→ INSTRUCTIONS TO FOLLOW:
The records below hold a stretch from the line with "g k) \<Longrightarrow>" through the line with "by (cases ks) auto"; return exactly those lines, ends included, and nothing more.

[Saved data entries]
==================================================

(* Let $\phi$ be a quantum channel on $\mathcal M(d;\mathbb C)$ with more than $d$ eigenvalues of modulus $1$ counted with multiplicity, i.e. $|\sigma_P(\phi)|>d$. Then $\phi$ is asymptotically entanglement-saving.
   Context: A quantum channel is a completely positive, trace-preserving linear map on $\mathcal M(d;\mathbb C)$, regarded as a linear operator on the $d^2$-dimensional space $\mathcal M(d;\mathbb C)$ for spectral purposes. $|\sigma_P(\phi)|$ is the number of its eigenvalues of modulus $1$ counted with multiplicity. A channel is entanglement-breaking if $(\psi\otimes I)(\rho)$ is separable for every bipartite state $\rho$. $\phi$ is asymptotically entanglement-saving (AES) if no limit point of the sequence $(\phi^n)_{n\in\mathbb N}$ of its powers is entanglement-breaking. *)

theory Defs
  imports Complex_Main "Jordan_Normal_Form.Char_Poly"
begin

definition psd_mat :: "nat \<Rightarrow> complex mat \<Rightarrow> bool" where
  "psd_mat n A \<longleftrightarrow> A \<in> carrier_mat n n \<and>
     (\<forall>v \<in> carrier_vec n. Im (conjugate v \<bullet> (A *\<^sub>v v)) = 0 \<and> Re (conjugate v \<bullet> (A *\<^sub>v v)) \<ge> 0)"

definition mtrace :: "complex mat \<Rightarrow> complex" where
  "mtrace A = (\<Sum>i<dim_row A. A $$ (i,i))"

definition state_mat :: "nat \<Rightarrow> complex mat \<Rightarrow> bool" where
  "state_mat n A \<longleftrightarrow> psd_mat n A \<and> mtrace A = 1"

(* Kronecker product of an n x n and an m x m matrix; index (i,a) |-> i*m + a *)
definition kron :: "nat \<Rightarrow> nat \<Rightarrow> complex mat \<Rightarrow> complex mat \<Rightarrow> complex mat" where
  "kron n m A B = mat (n*m) (n*m) (\<lambda>(p,q). A $$ (p div m, q div m) * B $$ (p mod m, q mod m))"

(* (psi \<otimes> id_k) applied to a matrix rho on C^d \<otimes> C^k (dimension d*k) *)
definition tensor_id :: "nat \<Rightarrow> nat \<Rightarrow> (complex mat \<Rightarrow> complex mat) \<Rightarrow> complex mat \<Rightarrow> complex mat" where
  "tensor_id d k \<psi> \<rho> = mat (d*k) (d*k) (\<lambda>(p,q).
      \<psi> (mat d d (\<lambda>(i,j). \<rho> $$ (i*k + p mod k, j*k + q mod k))) $$ (p div k, q div k))"

definition linear_map_mat :: "nat \<Rightarrow> (complex mat \<Rightarrow> complex mat) \<Rightarrow> bool" where
  "linear_map_mat d \<phi> \<longleftrightarrow>
     (\<forall>X \<in> carrier_mat d d. \<phi> X \<in> carrier_mat d d) \<and>
     (\<forall>X \<in> carrier_mat d d. \<forall>Y \<in> carrier_mat d d. \<phi> (X + Y) = \<phi> X + \<phi> Y) \<and>
     (\<forall>X \<in> carrier_mat d d. \<forall>c. \<phi> (c \<cdot>\<^sub>m X) = c \<cdot>\<^sub>m \<phi> X)"

definition completely_positive :: "nat \<Rightarrow> (complex mat \<Rightarrow> complex mat) \<Rightarrow> bool" where
  "completely_positive d \<phi> \<longleftrightarrow>
     (\<forall>k. \<forall>\<rho>. psd_mat (d*k) \<rho> \<longrightarrow> psd_mat (d*k) (tensor_id d k \<phi> \<rho>))"

definition trace_preserving :: "nat \<Rightarrow> (complex mat \<Rightarrow> complex mat) \<Rightarrow> bool" where
  "trace_preserving d \<phi> \<longleftrightarrow> (\<forall>X \<in> carrier_mat d d. mtrace (\<phi> X) = mtrace X)"

definition quantum_channel :: "nat \<Rightarrow> (complex mat \<Rightarrow> complex mat) \<Rightarrow> bool" where
  "quantum_channel d \<phi> \<longleftrightarrow> linear_map_mat d \<phi> \<and> completely_positive d \<phi> \<and> trace_preserving d \<phi>"
lemma entropy_pmf_le_code_length:
  fixes c :: "'a \<Rightarrow> bool list"
  assumes fin: "finite (set_pmf p)" and inj: "inj_on c (set_pmf p)"
  shows "entropy_pmf p \<le> (\<Sum>x\<in>set_pmf p. pmf p x * real (2 * length (c x) + 1))"
proof -
  have "(\<Sum>x\<in>set_pmf p. (1/2::real) ^ (2 * length (c x) + 1))
      = (\<Sum>w\<in>c ` set_pmf p. (1/2) ^ (2 * length w + 1))"
    using inj by (simp add: sum.reindex)
  also have "\<dots> \<le> 1"
    using fin by (intro sum_bool_lists_le_1 finite_imageI)
  finally show ?thesis
    using entropy_pmf_le_cross_entropy[OF fin, of "\<lambda>x. (1/2) ^ (2 * length (c x) + 1)"]
    by (simp add: log_nat_power log_divide)
qed

definition bits_code :: "bool list \<Rightarrow> bool list" where
  "bits_code s = concat (map (\<lambda>b. [True, b]) s) @ [False]"

fun bits_decode :: "bool list \<Rightarrow> bool list list" where
  "bits_decode [] = []"
| "bits_decode (False # r) = [] # bits_decode r"
| "bits_decode [True] = []"
| "bits_decode (True # b # r) =
     (case bits_decode r of [] \<Rightarrow> [[b]] | s # ss \<Rightarrow> (b # s) # ss)"

lemma bits_decode_code_append: "bits_decode (bits_code s @ r) = s # bits_decode r"
  by (induction s) (auto simp: bits_code_def)

lemma bits_decode_concat_code: "bits_decode (concat (map bits_code ss)) = ss"
  by (induction ss) (auto simp: bits_decode_code_append)

lemma length_bits_code: "length (bits_code s) = 2 * length s + 1"
  by (induction s) (auto simp: bits_code_def)

definition mset_code :: "bool list multiset \<Rightarrow> bool list" where
  "mset_code M = concat (map bits_code (SOME ss. mset ss = M))"

lemma mset_some_list: "mset (SOME ss. mset ss = M) = M"
  by (metis (mono_tags) ex_mset someI_ex)

lemma inj_mset_code: "inj mset_code"
proof (rule injI)
  fix M N
  assume "mset_code M = mset_code N"
  then have "(SOME ss. mset ss = M) = (SOME ss. mset ss = N)"
    unfolding mset_code_def by (metis bits_decode_concat_code)
  then show "M = N"
    by (metis mset_some_list)
qed

lemma length_mset_code: "length (mset_code M) = (\<Sum>s\<in>#M. 2 * length s + 1)"
proof -
  have "length (concat (map bits_code ss)) = (\<Sum>s\<in>#mset ss. 2 * length s + 1)" for ss
    by (induction ss) (auto simp: length_bits_code)
  then show ?thesis
    unfolding mset_code_def by (simp add: mset_some_list)
qed

lemma length_iid_list: "ks \<in> set_pmf (iid_list m p) \<Longrightarrow> length ks = m"
  by (induction m arbitrary: ks) auto

lemma length_frags_le: "length (frags ks xs) \<le> length ks"
  by (induction ks arbitrary: xs) auto

lemma length_snd_frags_le:
  "f \<in> set (frags ks xs) \<Longrightarrow> length (snd f) \<le> fst f \<and> length (snd f) \<le> length xs"
  by (induction ks arbitrary: xs) (auto split: if_splits, metis diff_le_self le_trans length_drop)

lemma keep_subseteq: "M \<in> set_pmf (keep d fs) \<Longrightarrow> M \<subseteq># mset fs"
proof (induction fs arbitrary: M)
  case (Cons f fs)
  then obtain b M' where "M' \<subseteq># mset fs" and "M = (if b then add_mset f M' else M')"
    by auto
  then show ?case
    by (auto intro: subset_mset.order_trans[OF _ multi_psub_of_add_self[THEN subset_mset.less_imp_le]])
qed simp

lemma finite_set_pmf_Y_ge:
  assumes input: "set_pmf (P n) \<subseteq> {xs. length xs = n}"
  shows "finite (set_pmf (Y_ge P Nd d J L n))"
proof (rule finite_subset)
  show "set_pmf (Y_ge P Nd d J L n) \<subseteq> (\<Union>j\<le>n. multisets_of_size {w :: bool list. length w \<le> n} j)"
  proof
    fix M
    assume "M \<in> set_pmf (Y_ge P Nd d J L n)"
    then obtain x ks M0 Q where x: "x \<in> set_pmf (P n)" and ks: "ks \<in> set_pmf (iid_list n (Nd n))"
      and M0: "M0 \<in> set_pmf (keep d (frags ks x))" and M: "M = image_mset snd (filter_mset Q M0)"
      unfolding Y_ge_def by auto
    have sub: "M \<subseteq># image_mset snd (mset (frags ks x))"
      unfolding M using keep_subseteq[OF M0]
      by (intro image_mset_subseteq_mono) (rule subset_mset.order_trans[OF multiset_filter_subset])
    have "size M \<le> n"
      using size_mset_mono[OF sub] length_frags_le[of ks x] length_iid_list[OF ks] by simp
    moreover have "set_mset M \<subseteq> {w. length w \<le> n}"
      using set_mset_mono[OF sub] length_snd_frags_le[of _ ks x] x input by fastforce
    ultimately show "M \<in> (\<Union>j\<le>n. multisets_of_size {w. length w \<le> n} j)"
      unfolding multisets_of_size_def by auto
  qed
  show "finite (\<Union>j\<le>n. multisets_of_size {w :: bool list. length w \<le> n} j)"
    using finite_lists_length_le[of "UNIV :: bool set" n] by (intro finite_UN_I) auto
qed

(* Unlike the fragments themselves, this depends only on the lengths and on r = |X^n|, so it can
   be averaged over the lengths independently of the input string (see cut_sum_length_eq). *)
fun cut_sum :: "(nat \<Rightarrow> real) \<Rightarrow> nat list \<Rightarrow> nat \<Rightarrow> real" where
  "cut_sum g [] r = 0"
| "cut_sum g (k # ks) r = (if r = 0 then 0 else g k + cut_sum g ks (r - k))"

lemma cut_sum_length_eq: "cut_sum g ks (length xs) = (\<Sum>f\<leftarrow>frags ks xs. g (fst f))"
  by (induction ks arbitrary: xs) (auto, metis length_drop)

lemma cut_sum_nonneg: "(\<And>k. 0 \<le> g k) \<Longrightarrow> 0 \<le> cut_sum g ks r"
  by (induction ks arbitrary: r) auto

lemma cut_sum_zero [simp]: "cut_sum g ks 0 = 0"
  by (cases ks) auto
text \<open>G has Hirsch length h: there is a subnormal series
  G = S_0 \<ge> S_1 \<ge> ... \<ge> S_n = 1 with cyclic factors, exactly h of which are infinite.
  (For polycyclic groups this number is an invariant.)\<close>
definition hirsch_length :: "('a, 'b) monoid_scheme \<Rightarrow> nat \<Rightarrow> bool" where
  "hirsch_length G h \<longleftrightarrow>
    (\<exists>(S :: nat \<Rightarrow> 'a set) n.
       S 0 = carrier G \<and> S n = {\<one>\<^bsub>G\<^esub>} \<and>
       (\<forall>i<n. subgroup (S i) G \<and> S (Suc i) \<subseteq> S i \<and>
              normal (S (Suc i)) (G\<lparr>carrier := S i\<rparr>) \<and>
              (\<exists>a\<in>S i. \<forall>g\<in>S i. \<exists>k::int. g \<in> S (Suc i) #>\<^bsub>G\<^esub> (a [^]\<^bsub>G\<^esub> k))) \<and>
       card {i. i < n \<and> infinite (rcosets\<^bsub>G\<lparr>carrier := S i\<rparr>\<^esub> (S (Suc i)))} = h)"

fun basis_word :: "('a, 'b) monoid_scheme \<Rightarrow> (nat \<Rightarrow> 'a) \<Rightarrow> (nat \<Rightarrow> int) \<Rightarrow> nat \<Rightarrow> 'a" where
  "basis_word G x l 0 = \<one>\<^bsub>G\<^esub>"
| "basis_word G x l (Suc n) = basis_word G x l n \<otimes>\<^bsub>G\<^esub> (x (Suc n) [^]\<^bsub>G\<^esub> l (Suc n))"

end

(* Write T j for the set of words x_j^(l_j) ... x_h^(l_h). By downward induction on j each T j is a
   normal subgroup of G: the commutator condition makes x_j central modulo T (j+1), and then
   T j = <x_j> T (j+1) is normal.  Hence right multiplication of a word p x_j^c r (r in T (j+1))
   by x_j^(-q_j m) in H only conjugates r, and turns the j-th exponent into c mod q_j while keeping
   the earlier ones; doing this for j = 1, ..., h moves any g inside gH into X.  Conversely, if two
   elements of X in the same coset first differ at index j, with exponents a and b, then the quotient
   of the two lies in H and has exponents 0 before j and b - a at j; uniqueness of normal forms makes
   q_j divide b - a, which is impossible for 0 <= a, b < q_j unless a = b. *)

theory Submission
  imports Defs
begin

(* Keep [i..<Suc j] from being unfolded at its end; lists are split at the head instead. *)
declare upt_Suc [simp del]

definition ordered_word :: "('a, 'b) monoid_scheme \<Rightarrow> (nat \<Rightarrow> 'a) \<Rightarrow> (nat \<Rightarrow> int) \<Rightarrow> nat list \<Rightarrow> 'a"
  where "ordered_word G x l js = foldr (\<lambda>i w. x i [^]\<^bsub>G\<^esub> l i \<otimes>\<^bsub>G\<^esub> w) js \<one>\<^bsub>G\<^esub>"

definition tail_words :: "('a, 'b) monoid_scheme \<Rightarrow> (nat \<Rightarrow> 'a) \<Rightarrow> nat \<Rightarrow> nat \<Rightarrow> 'a set"
  where "tail_words G x j h = {ordered_word G x l [j..<Suc h] | l. True}"

definition scaled_words :: "('a, 'b) monoid_scheme \<Rightarrow> (nat \<Rightarrow> 'a) \<Rightarrow> (nat \<Rightarrow> int) \<Rightarrow> nat \<Rightarrow> 'a set"
  where "scaled_words G x q h = {basis_word G x (\<lambda>i. q i * l i) h | l. True}"

definition box_words :: "('a, 'b) monoid_scheme \<Rightarrow> (nat \<Rightarrow> 'a) \<Rightarrow> (nat \<Rightarrow> int) \<Rightarrow> nat \<Rightarrow> 'a set"
  where "box_words G x q h = {basis_word G x k h | k. \<forall>i\<in>{1..h}. 0 \<le> k i \<and> k i < q i}"

lemma ordered_word_Nil [simp]: "ordered_word G x l [] = \<one>\<^bsub>G\<^esub>"
  by (simp add: ordered_word_def)

lemma ordered_word_Cons [simp]:
  "ordered_word G x l (i # js) = x i [^]\<^bsub>G\<^esub> l i \<otimes>\<^bsub>G\<^esub> ordered_word G x l js"
  by (simp add: ordered_word_def)

lemma basis_word_cong:
  "(\<And>i. 1 \<le> i \<Longrightarrow> i \<le> n \<Longrightarrow> l i = l' i) \<Longrightarrow> basis_word G x l n = basis_word G x l' n"
  by (induction n) auto

context group
begin

lemma inv_m_cancel [simp]: "a \<in> carrier G \<Longrightarrow> b \<in> carrier G \<Longrightarrow> inv a \<otimes> (a \<otimes> b) = b"
  by (simp flip: m_assoc)

lemma m_inv_cancel [simp]: "a \<in> carrier G \<Longrightarrow> b \<in> carrier G \<Longrightarrow> a \<otimes> (inv a \<otimes> b) = b"
  by (simp flip: m_assoc)

lemma gcomm_swap: "a \<in> carrier G \<Longrightarrow> b \<in> carrier G \<Longrightarrow> gcomm G b a = inv (gcomm G a b)"
  by (simp add: gcomm_def inv_mult_group m_assoc)

lemma gcomm_self: "a \<in> carrier G \<Longrightarrow> gcomm G a a = \<one>"
  by (simp add: gcomm_def m_assoc flip: inv_mult_group)

lemma gcomm_mult_right:
  assumes "a \<in> carrier G" "g \<in> carrier G" "k \<in> carrier G"
  shows "gcomm G a (g \<otimes> k) = gcomm G a k \<otimes> (inv k \<otimes> gcomm G a g \<otimes> k)"
  using assms by (simp add: gcomm_def inv_mult_group m_assoc inv_solve_left')

lemma gcomm_inv_right:
  assumes "a \<in> carrier G" "g \<in> carrier G"
  shows "gcomm G a (inv g) = g \<otimes> inv (gcomm G a g) \<otimes> inv g"
  using assms by (simp add: gcomm_def inv_mult_group m_assoc)

lemma int_pow_conj:
  assumes "g \<in> carrier G" "a \<in> carrier G"
  shows "(g \<otimes> a \<otimes> inv g) [^] (m::int) = g \<otimes> a [^] m \<otimes> inv g"
proof -
  have "(\<lambda>y. g \<otimes> y \<otimes> inv g) \<in> hom G G"
    using assms by (intro homI) (simp_all add: m_assoc inv_solve_left')
  from hom_int_pow[OF this assms(2) is_group is_group] show ?thesis by simp
qed

lemma subgroup_gcomm_in_normal:
  assumes N: "N \<lhd> G" and a: "a \<in> carrier G"
  shows "subgroup {g \<in> carrier G. gcomm G a g \<in> N} G"
proof (rule subgroupI)
  interpret N: normal N G by (rule N)
  show "{g \<in> carrier G. gcomm G a g \<in> N} \<noteq> {}"
    using a by (auto intro!: exI[of _ \<one>] simp: gcomm_def)
  fix g assume "g \<in> {g \<in> carrier G. gcomm G a g \<in> N}"
  then show "inv g \<in> {g \<in> carrier G. gcomm G a g \<in> N}"
    using a by (simp add: gcomm_inv_right N.inv_op_closed2)
next
  interpret N: normal N G by (rule N)
  fix g k assume "g \<in> {g \<in> carrier G. gcomm G a g \<in> N}" "k \<in> {g \<in> carrier G. gcomm G a g \<in> N}"
  then show "g \<otimes> k \<in> {g \<in> carrier G. gcomm G a g \<in> N}"
    using a by (simp add: gcomm_mult_right N.inv_op_closed1)
qed auto

lemma gcomm_in_normal_if_generators:
  assumes "N \<lhd> G" "a \<in> carrier G" "generate G B = carrier G" "\<forall>b\<in>B. gcomm G a b \<in> N"
    and "g \<in> carrier G"
  shows "gcomm G a g \<in> N"
proof -
  have "B \<subseteq> {g \<in> carrier G. gcomm G a g \<in> N}"
    using assms(3,4) generate.incl[of _ B G] by auto
  then have "generate G B \<subseteq> {g \<in> carrier G. gcomm G a g \<in> N}"
    using assms(1,2) by (intro generate_subgroup_incl subgroup_gcomm_in_normal)
  then show ?thesis using assms by auto
qed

==================================================

→ EXERCISE ANSWER:
lemma cut_sum_nonneg: "(\<And>k. 0 \<le> g k) \<Longrightarrow> 0 \<le> cut_sum g ks r"
  by (induction ks arbitrary: r) auto

lemma cut_sum_zero [simp]: "cut_sum g ks 0 = 0"
  by (cases ks) auto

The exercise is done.